Stored items:
text \<open>On the path from the leaf \<open>p\<close> of \<open>u\<close> to the leaf of \<open>v\<close>, the node \<open>a\<close> just before the first
  edge that is not small for \<open>u\<close> lies in both subtrees.\<close>

lemma edge_in_common_bag:
  assumes uv: "E u v"
  shows "\<exists>x\<in>N. u \<in> bag x \<and> v \<in> bag x"
proof -
  have u: "u \<in> V" and v: "v \<in> V" using adj_in_V[OF uv] by auto
  define p where "p = L u"
  define q where "q = L v"
  have p: "p \<in> N" and q: "q \<in> N" using leaf_in_N u v unfolding p_def q_def by auto
  define X where "X = {e \<in> separating_edges F p q. \<not> small e u}"
  show ?thesis
  proof (cases "X = {}")
    case True
    then have "q \<in> subtree u" unfolding subtree_def X_def p_def using q by blast
    moreover have "q \<in> subtree v" using q unfolding subtree_def separating_edges_def q_def by simp
    ultimately show ?thesis using u v q unfolding bag_def by blast
  next
    case False
    then obtain es where es: "es \<in> X"
      and es_min: "\<And>g. g \<in> X \<Longrightarrow> card (tree_side F es p) \<le> card (tree_side F g p)"
      using ex_has_least_nat[of "\<lambda>g. g \<in> X" _ "\<lambda>g. card (tree_side F g p)"] by blast
    have esF: "es \<in> F" and es_sep: "q \<notin> tree_side F es p" and "\<not> small es u"
      using es unfolding X_def separating_edges_def tree_side_def by auto
    then have small_v: "small es v"
      using small_or_small[OF uv] unfolding p_def q_def tree_side_def by blast
    obtain a b where ab: "es = {a, b}" "a \<noteq> b" "(p, a) \<in> reach_without F es"
      using tree_edge_orientE[OF tree esF p] .
    have a: "a \<in> N" using tree_edges_subset_Pow[OF tree] esF ab(1) by auto
    have "small g u" if g: "g \<in> F" and psub: "tree_side F g p \<subset> tree_side F es p" for g
    proof -
      have "q \<notin> tree_side F g p" using psub es_sep by blast
      then have "g \<in> separating_edges F p q"
        using g unfolding separating_edges_def tree_side_def by blast
      moreover have "card (tree_side F g p) < card (tree_side F es p)"
        using psubset_card_mono[OF finite_tree_side[OF tree p] psub] .
      then have "g \<notin> X" using es_min by fastforce
      ultimately show ?thesis unfolding X_def by blast
    qed
    then have "a \<in> subtree u"
      using mem_subtree_if_nearer_edges_small[of a b u] esF ab a unfolding p_def by blast
    moreover have "a \<in> subtree v"
      using mem_subtree_if_small_edge[OF _ ab(2) a] esF small_v ab(1) by blast
    ultimately show ?thesis using u v a unfolding bag_def by blast
  qed
qed
lemma quadratic_nonneg_imp_discriminant_le:
  fixes A B C :: real
  assumes "C \<ge> 0" and nonneg: "\<And>t. 0 \<le> A + 2 * t * B + t\<^sup>2 * C"
  shows "B\<^sup>2 \<le> A * C"
proof (cases "C = 0")
  case True
  have "B = 0"
  proof (rule ccontr)
    assume "B \<noteq> 0"
    then have "A + 2 * (- (A + 1) / (2 * B)) * B = -1" by (simp add: field_simps)
    then show False using nonneg[of "- (A + 1) / (2 * B)"] True by simp
  qed
  then show ?thesis using True by simp
next
  case False
  then have "C > 0" using \<open>C \<ge> 0\<close> by simp
  have "0 \<le> A + 2 * (- B / C) * B + (- B / C)\<^sup>2 * C" by (rule nonneg)
  also have "\<dots> = A - B\<^sup>2 / C" using \<open>C > 0\<close> by (simp add: field_simps power2_eq_square)
  finally show ?thesis using \<open>C > 0\<close> by (simp add: field_simps)
qed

The task:
Each line of the entries that contains the word "notin" should be listed.

Response area:
    have esF: "es \<in> F" and es_sep: "q \<notin> tree_side F es p" and "\<not> small es u"
      have "q \<notin> tree_side F g p" using psub es_sep by blast
      then have "g \<notin> X" using es_min by fastforce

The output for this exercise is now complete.